_TASK STATEMENT_
Go through the entries below. Copy each line in which "cases" appears.

_PROVIDED INFORMATION_
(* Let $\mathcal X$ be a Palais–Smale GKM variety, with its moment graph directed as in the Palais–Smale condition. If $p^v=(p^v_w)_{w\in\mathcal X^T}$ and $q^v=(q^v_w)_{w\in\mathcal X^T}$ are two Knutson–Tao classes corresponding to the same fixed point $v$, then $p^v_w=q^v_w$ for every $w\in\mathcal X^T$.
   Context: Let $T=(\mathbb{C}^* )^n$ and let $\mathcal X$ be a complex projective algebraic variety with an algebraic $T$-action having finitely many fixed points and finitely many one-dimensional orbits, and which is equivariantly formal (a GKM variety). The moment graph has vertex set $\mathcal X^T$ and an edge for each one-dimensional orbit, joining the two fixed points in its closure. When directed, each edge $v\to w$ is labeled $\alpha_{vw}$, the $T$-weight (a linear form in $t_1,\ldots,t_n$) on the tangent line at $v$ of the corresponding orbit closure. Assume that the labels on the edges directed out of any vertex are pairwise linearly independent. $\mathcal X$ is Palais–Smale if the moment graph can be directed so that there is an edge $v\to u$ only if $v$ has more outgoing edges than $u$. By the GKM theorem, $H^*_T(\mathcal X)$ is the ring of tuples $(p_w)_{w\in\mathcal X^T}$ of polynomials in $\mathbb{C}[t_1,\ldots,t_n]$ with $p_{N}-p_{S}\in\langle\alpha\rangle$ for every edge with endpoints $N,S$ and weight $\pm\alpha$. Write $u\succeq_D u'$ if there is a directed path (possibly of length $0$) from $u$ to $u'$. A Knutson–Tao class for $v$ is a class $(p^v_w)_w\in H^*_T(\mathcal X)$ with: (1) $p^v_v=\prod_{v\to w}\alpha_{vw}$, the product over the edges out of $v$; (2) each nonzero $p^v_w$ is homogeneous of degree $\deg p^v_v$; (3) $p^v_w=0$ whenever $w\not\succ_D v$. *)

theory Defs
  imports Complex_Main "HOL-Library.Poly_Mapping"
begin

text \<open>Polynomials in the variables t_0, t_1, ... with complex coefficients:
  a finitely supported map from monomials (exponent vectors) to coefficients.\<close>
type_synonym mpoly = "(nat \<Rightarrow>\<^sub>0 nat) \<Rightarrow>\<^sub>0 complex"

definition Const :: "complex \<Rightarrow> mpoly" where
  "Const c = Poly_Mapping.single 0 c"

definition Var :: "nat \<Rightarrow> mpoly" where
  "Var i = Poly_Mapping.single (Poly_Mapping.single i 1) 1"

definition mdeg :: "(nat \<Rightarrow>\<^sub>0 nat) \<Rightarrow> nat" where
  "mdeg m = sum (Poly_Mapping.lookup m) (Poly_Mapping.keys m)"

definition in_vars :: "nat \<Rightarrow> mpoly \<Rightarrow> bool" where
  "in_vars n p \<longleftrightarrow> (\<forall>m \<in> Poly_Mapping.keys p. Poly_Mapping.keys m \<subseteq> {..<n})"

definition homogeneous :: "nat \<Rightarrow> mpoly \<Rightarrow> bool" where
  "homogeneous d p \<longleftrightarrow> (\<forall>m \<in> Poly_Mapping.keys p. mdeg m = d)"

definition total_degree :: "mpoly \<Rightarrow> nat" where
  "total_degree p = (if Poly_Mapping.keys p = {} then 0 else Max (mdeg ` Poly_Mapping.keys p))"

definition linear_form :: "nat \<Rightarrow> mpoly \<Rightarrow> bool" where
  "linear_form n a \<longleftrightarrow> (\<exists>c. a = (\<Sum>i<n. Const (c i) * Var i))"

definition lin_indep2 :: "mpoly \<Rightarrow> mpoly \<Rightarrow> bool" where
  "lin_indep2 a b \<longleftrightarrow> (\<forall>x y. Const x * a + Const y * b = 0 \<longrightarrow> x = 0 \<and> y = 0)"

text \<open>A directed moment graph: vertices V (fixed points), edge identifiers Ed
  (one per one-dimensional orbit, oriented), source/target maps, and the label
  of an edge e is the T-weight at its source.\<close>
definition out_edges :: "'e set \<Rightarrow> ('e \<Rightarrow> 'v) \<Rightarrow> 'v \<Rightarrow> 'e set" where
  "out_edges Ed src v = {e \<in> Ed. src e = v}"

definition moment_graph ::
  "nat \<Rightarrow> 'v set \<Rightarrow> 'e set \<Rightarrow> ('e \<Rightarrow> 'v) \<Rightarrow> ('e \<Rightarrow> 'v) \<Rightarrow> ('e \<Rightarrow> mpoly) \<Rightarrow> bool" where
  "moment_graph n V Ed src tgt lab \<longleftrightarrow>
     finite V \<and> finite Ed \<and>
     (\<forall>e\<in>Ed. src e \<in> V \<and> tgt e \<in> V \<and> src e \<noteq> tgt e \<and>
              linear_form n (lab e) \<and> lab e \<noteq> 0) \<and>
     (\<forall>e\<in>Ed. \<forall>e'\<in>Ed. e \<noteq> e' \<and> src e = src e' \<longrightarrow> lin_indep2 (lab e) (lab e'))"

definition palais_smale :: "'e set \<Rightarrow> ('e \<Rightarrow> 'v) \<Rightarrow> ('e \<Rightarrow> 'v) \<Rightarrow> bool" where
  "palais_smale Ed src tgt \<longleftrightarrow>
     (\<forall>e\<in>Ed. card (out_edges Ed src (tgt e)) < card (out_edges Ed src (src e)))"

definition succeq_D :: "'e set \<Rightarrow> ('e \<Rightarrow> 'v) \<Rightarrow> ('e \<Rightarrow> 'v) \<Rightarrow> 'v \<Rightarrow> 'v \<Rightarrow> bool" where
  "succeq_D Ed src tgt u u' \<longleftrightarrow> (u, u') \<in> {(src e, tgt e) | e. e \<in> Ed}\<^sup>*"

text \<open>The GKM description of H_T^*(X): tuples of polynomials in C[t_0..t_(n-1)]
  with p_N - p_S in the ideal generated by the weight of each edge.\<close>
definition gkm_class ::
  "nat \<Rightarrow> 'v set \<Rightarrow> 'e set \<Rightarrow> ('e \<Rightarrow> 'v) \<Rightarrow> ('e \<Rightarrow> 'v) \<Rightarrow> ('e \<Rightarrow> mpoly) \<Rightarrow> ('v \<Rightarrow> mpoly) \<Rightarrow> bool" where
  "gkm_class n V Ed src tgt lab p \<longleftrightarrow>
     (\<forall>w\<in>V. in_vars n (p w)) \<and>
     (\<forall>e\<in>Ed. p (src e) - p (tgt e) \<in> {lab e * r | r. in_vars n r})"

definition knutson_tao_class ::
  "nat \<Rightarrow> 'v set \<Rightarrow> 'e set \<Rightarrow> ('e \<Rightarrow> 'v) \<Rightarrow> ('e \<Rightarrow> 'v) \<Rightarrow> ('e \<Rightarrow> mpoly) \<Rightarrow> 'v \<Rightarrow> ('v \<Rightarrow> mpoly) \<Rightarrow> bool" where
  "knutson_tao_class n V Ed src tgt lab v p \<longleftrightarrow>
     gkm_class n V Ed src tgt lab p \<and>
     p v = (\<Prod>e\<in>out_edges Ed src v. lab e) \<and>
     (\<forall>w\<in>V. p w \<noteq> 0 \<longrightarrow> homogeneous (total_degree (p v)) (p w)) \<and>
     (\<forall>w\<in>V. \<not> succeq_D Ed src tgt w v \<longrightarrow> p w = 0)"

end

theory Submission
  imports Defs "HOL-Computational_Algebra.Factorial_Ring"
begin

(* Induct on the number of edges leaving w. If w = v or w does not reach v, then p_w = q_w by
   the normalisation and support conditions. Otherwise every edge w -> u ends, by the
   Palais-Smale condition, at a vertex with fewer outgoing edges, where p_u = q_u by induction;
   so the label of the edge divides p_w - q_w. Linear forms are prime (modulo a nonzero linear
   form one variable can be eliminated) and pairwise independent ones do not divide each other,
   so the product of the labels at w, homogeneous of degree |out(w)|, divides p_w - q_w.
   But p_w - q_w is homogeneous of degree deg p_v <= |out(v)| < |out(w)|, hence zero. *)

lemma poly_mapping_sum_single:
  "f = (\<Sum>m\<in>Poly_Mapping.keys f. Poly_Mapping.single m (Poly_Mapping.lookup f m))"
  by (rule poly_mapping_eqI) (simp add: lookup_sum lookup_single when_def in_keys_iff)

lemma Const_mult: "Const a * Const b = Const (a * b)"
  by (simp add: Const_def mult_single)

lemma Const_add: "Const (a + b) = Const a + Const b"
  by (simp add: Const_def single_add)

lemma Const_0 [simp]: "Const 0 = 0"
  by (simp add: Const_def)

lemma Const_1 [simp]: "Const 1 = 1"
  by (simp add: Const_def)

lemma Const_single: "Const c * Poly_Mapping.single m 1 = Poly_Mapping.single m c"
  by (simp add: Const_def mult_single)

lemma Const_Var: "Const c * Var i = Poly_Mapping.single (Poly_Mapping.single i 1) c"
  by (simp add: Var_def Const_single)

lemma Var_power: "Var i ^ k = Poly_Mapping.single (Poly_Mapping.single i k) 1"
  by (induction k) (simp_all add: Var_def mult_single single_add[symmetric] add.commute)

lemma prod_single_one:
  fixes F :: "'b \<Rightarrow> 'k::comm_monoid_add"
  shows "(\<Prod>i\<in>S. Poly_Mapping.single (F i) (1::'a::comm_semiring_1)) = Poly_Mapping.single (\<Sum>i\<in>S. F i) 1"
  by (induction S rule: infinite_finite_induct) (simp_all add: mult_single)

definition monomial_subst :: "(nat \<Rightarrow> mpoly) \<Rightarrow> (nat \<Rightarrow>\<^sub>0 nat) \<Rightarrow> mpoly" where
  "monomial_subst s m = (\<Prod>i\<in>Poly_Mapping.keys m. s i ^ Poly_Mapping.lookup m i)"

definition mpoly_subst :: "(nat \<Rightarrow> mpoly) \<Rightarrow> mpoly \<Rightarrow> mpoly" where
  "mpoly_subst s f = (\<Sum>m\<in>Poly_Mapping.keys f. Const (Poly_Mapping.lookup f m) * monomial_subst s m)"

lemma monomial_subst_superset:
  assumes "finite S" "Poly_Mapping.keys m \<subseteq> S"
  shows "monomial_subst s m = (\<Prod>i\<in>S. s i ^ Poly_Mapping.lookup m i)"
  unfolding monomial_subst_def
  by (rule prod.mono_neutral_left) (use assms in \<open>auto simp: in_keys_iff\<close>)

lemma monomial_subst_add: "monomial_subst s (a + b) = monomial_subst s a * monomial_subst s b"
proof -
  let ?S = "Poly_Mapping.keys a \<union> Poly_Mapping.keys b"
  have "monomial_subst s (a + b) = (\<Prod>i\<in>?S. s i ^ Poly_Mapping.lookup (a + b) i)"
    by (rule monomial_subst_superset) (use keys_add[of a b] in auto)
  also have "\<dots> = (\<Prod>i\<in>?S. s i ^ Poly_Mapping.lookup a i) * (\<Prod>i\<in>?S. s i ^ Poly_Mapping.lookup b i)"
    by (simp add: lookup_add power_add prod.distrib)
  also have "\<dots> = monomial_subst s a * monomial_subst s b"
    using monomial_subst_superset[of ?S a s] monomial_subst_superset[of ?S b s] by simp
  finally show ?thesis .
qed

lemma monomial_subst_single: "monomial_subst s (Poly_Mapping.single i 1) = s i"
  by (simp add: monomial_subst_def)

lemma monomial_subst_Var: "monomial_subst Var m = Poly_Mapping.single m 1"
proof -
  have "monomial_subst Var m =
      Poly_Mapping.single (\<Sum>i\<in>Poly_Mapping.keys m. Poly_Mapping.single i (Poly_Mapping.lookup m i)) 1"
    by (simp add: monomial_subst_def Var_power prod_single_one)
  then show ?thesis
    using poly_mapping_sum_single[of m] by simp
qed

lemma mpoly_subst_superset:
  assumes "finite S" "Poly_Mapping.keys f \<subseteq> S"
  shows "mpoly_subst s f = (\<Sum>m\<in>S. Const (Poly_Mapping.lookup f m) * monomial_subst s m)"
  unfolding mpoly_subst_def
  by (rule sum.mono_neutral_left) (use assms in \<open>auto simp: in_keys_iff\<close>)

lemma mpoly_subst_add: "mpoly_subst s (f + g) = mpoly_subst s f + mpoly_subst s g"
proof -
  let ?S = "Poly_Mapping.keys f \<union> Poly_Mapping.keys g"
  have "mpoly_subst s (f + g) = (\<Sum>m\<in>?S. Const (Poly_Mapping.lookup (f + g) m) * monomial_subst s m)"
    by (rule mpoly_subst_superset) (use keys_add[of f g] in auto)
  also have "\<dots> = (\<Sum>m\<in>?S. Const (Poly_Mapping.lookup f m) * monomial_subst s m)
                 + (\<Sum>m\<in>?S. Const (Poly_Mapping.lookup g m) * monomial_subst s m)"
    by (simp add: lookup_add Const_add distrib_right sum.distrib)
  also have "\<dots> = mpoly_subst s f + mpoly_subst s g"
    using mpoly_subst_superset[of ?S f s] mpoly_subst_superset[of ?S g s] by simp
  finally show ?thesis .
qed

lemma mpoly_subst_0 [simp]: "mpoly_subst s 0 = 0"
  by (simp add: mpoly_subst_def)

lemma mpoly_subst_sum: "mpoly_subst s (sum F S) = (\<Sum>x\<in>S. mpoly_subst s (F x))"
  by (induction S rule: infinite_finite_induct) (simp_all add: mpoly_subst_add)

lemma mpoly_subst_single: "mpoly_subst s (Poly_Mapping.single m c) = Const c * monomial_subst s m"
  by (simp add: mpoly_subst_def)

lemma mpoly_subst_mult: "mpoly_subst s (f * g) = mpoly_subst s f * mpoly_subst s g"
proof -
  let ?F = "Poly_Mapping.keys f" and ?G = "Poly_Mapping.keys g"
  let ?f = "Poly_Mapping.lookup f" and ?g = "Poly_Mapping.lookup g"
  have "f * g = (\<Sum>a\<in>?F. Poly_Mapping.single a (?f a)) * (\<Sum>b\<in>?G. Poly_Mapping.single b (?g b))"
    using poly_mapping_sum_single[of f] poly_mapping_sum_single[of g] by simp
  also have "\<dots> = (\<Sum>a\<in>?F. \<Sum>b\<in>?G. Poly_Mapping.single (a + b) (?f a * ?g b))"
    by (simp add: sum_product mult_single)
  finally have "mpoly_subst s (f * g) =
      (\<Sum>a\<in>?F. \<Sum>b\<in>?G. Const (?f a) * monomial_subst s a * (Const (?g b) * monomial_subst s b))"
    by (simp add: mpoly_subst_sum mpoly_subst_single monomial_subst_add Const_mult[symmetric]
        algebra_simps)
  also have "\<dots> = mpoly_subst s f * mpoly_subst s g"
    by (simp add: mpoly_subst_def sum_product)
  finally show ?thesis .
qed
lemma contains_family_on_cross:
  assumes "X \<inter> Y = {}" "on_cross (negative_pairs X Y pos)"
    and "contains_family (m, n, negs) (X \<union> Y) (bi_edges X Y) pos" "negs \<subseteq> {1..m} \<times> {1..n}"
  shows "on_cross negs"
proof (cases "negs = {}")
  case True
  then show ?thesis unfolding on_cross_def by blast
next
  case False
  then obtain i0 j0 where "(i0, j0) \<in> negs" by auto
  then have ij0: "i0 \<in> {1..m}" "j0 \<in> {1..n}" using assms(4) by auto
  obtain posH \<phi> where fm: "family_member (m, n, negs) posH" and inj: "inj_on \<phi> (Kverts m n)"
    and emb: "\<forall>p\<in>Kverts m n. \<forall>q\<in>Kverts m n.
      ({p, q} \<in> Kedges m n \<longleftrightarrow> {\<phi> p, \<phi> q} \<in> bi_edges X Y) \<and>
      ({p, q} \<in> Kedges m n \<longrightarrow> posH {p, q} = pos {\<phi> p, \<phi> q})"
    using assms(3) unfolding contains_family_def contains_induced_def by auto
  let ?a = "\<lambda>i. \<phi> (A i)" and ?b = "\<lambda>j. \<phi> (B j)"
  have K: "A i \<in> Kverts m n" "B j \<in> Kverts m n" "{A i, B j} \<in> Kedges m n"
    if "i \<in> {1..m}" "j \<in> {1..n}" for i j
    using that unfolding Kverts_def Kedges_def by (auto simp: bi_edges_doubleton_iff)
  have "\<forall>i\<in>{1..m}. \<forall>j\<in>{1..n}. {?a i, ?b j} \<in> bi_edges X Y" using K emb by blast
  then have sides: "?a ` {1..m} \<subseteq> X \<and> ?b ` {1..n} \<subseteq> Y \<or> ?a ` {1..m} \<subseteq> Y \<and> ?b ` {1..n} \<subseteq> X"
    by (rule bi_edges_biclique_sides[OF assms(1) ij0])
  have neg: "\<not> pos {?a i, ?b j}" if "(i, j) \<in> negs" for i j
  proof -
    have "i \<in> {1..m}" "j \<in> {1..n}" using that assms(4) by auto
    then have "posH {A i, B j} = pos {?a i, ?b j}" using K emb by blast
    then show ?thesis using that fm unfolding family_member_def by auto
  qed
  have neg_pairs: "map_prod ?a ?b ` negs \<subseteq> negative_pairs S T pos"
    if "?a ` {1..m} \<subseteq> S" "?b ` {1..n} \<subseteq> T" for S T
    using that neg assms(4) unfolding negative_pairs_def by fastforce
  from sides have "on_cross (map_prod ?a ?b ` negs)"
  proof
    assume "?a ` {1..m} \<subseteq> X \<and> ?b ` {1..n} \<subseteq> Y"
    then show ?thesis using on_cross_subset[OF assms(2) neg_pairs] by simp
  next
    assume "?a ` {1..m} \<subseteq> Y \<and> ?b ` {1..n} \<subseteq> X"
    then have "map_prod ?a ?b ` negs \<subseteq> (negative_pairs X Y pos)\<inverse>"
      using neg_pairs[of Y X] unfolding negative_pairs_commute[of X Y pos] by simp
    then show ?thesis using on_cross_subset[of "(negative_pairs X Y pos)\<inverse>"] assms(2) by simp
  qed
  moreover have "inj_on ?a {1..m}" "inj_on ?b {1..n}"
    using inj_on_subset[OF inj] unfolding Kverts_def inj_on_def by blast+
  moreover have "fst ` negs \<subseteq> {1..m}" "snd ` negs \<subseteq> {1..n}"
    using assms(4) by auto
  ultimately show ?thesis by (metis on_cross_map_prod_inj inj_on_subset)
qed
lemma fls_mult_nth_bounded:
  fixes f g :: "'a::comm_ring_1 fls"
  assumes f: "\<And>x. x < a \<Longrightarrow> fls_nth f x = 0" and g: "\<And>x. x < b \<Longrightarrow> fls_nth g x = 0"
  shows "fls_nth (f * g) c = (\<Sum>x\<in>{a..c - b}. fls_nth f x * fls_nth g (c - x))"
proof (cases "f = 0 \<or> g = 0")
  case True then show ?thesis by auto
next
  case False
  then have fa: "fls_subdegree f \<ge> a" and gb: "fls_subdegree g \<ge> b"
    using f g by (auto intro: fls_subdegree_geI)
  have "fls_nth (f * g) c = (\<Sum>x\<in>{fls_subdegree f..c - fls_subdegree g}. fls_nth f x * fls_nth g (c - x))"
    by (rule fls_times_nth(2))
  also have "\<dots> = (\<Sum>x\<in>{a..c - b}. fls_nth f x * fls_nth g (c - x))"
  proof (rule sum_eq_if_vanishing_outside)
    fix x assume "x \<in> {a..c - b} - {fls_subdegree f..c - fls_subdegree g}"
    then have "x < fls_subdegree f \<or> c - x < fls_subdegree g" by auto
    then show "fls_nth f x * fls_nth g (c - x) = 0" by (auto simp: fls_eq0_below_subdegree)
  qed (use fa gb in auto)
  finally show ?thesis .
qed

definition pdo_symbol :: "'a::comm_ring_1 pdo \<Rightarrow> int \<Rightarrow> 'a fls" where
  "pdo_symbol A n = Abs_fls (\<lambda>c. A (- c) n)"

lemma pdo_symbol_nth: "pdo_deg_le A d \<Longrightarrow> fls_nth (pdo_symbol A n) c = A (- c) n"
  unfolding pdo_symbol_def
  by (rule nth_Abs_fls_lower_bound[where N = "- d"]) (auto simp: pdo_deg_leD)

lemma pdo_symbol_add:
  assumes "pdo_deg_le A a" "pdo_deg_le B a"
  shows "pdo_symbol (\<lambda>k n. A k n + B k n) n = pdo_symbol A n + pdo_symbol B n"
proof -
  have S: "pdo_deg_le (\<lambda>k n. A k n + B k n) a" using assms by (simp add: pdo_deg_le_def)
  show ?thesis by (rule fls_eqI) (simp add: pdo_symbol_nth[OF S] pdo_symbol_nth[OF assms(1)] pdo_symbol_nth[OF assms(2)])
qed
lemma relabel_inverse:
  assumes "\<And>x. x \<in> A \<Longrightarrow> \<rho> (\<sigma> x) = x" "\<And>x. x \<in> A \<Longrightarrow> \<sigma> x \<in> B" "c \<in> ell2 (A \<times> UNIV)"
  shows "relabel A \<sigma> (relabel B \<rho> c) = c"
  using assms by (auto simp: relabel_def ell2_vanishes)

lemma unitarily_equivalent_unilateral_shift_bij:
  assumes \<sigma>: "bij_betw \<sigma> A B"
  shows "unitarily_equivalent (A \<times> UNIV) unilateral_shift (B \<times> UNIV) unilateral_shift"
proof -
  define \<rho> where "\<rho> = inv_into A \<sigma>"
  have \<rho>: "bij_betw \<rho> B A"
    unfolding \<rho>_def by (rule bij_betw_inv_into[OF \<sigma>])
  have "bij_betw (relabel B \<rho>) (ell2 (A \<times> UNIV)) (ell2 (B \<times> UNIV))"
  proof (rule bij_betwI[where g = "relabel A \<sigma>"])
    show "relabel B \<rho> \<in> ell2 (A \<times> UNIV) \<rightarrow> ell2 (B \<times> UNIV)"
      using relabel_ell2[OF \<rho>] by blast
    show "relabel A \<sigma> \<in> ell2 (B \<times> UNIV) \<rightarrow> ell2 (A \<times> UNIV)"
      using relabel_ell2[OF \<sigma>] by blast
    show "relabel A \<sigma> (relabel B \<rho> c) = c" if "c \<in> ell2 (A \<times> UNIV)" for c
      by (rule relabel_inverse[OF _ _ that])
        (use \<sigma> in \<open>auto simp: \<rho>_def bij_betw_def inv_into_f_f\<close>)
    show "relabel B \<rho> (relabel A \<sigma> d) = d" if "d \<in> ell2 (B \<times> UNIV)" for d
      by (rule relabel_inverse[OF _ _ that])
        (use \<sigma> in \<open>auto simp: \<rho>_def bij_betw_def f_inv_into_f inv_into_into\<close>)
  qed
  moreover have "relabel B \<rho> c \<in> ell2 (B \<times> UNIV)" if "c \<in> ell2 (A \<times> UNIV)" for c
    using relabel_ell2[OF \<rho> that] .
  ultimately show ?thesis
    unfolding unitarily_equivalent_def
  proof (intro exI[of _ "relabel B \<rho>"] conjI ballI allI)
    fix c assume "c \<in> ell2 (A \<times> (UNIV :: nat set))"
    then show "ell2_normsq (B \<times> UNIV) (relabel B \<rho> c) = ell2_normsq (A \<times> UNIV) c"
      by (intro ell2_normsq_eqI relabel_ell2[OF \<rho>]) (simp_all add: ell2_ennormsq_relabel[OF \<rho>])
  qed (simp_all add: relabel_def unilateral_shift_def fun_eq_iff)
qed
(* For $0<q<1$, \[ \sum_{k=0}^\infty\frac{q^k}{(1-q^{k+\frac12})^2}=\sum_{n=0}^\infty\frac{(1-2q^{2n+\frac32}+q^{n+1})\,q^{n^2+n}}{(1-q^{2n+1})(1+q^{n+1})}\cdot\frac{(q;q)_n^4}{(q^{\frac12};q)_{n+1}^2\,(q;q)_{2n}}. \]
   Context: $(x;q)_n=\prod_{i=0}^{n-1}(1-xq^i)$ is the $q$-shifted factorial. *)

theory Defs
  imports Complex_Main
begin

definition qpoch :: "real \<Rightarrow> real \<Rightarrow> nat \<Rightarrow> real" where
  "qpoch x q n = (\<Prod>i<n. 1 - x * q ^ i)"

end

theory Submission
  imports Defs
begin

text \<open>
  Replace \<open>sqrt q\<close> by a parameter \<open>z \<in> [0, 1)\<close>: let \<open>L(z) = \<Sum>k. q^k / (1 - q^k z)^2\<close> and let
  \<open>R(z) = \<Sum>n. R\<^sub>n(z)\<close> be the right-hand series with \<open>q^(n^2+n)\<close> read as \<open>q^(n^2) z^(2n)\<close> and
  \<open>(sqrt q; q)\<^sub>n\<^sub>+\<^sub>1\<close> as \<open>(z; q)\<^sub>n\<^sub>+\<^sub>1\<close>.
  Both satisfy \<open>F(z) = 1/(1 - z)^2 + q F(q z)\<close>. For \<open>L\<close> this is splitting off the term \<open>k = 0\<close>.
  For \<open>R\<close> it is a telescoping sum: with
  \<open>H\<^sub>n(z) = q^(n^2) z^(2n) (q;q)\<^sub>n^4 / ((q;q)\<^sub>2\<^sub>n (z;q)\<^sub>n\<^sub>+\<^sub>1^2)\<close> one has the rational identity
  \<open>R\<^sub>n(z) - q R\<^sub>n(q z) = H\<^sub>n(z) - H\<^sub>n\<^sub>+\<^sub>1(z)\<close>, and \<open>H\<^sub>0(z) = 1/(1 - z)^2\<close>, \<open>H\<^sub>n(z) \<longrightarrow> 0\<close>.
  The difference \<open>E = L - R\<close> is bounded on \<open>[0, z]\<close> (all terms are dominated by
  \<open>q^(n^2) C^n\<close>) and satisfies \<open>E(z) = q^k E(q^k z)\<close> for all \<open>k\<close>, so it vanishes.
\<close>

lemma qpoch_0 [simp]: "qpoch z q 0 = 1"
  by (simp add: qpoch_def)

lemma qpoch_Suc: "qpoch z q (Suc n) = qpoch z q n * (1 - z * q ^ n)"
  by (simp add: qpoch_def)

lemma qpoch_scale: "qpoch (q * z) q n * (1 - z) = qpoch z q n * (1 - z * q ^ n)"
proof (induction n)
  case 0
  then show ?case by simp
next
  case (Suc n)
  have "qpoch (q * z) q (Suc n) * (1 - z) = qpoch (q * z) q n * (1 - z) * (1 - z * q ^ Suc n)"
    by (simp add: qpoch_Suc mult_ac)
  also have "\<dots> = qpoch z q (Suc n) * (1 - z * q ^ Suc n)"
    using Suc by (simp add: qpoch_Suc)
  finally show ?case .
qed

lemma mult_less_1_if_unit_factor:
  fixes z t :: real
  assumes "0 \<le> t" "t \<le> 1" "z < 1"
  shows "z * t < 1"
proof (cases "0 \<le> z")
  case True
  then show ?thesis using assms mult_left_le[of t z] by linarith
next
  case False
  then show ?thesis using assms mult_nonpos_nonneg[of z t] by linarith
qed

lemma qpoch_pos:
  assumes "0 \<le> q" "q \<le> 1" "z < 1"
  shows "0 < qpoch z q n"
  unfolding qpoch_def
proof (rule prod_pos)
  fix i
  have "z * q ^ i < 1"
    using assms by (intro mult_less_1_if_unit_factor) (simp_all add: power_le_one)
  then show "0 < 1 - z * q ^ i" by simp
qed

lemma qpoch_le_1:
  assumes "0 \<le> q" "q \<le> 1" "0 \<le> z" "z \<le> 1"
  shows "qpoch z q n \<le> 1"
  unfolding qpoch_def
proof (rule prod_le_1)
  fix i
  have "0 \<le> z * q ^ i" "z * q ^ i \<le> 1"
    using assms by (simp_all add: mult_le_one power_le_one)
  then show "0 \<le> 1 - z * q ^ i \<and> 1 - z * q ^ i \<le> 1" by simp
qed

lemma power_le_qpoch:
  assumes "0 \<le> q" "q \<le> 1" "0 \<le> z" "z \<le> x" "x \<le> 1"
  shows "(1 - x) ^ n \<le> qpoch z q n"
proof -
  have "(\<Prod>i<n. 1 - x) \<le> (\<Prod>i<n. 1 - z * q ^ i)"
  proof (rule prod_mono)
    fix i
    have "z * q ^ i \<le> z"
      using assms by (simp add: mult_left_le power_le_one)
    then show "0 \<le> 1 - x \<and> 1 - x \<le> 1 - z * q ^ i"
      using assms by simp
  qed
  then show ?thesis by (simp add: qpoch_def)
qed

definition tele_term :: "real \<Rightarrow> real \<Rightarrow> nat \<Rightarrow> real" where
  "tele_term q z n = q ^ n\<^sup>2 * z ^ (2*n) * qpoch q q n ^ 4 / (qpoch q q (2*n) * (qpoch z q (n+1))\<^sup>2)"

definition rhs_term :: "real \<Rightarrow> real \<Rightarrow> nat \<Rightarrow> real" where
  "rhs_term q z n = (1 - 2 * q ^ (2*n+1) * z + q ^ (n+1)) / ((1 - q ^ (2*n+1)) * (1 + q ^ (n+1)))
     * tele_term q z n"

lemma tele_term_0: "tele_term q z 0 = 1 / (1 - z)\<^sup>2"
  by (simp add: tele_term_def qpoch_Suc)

_TASK OUTPUT_
proof (cases "negs = {}")
proof (cases "f = 0 \<or> g = 0")
proof (cases "0 \<le> z")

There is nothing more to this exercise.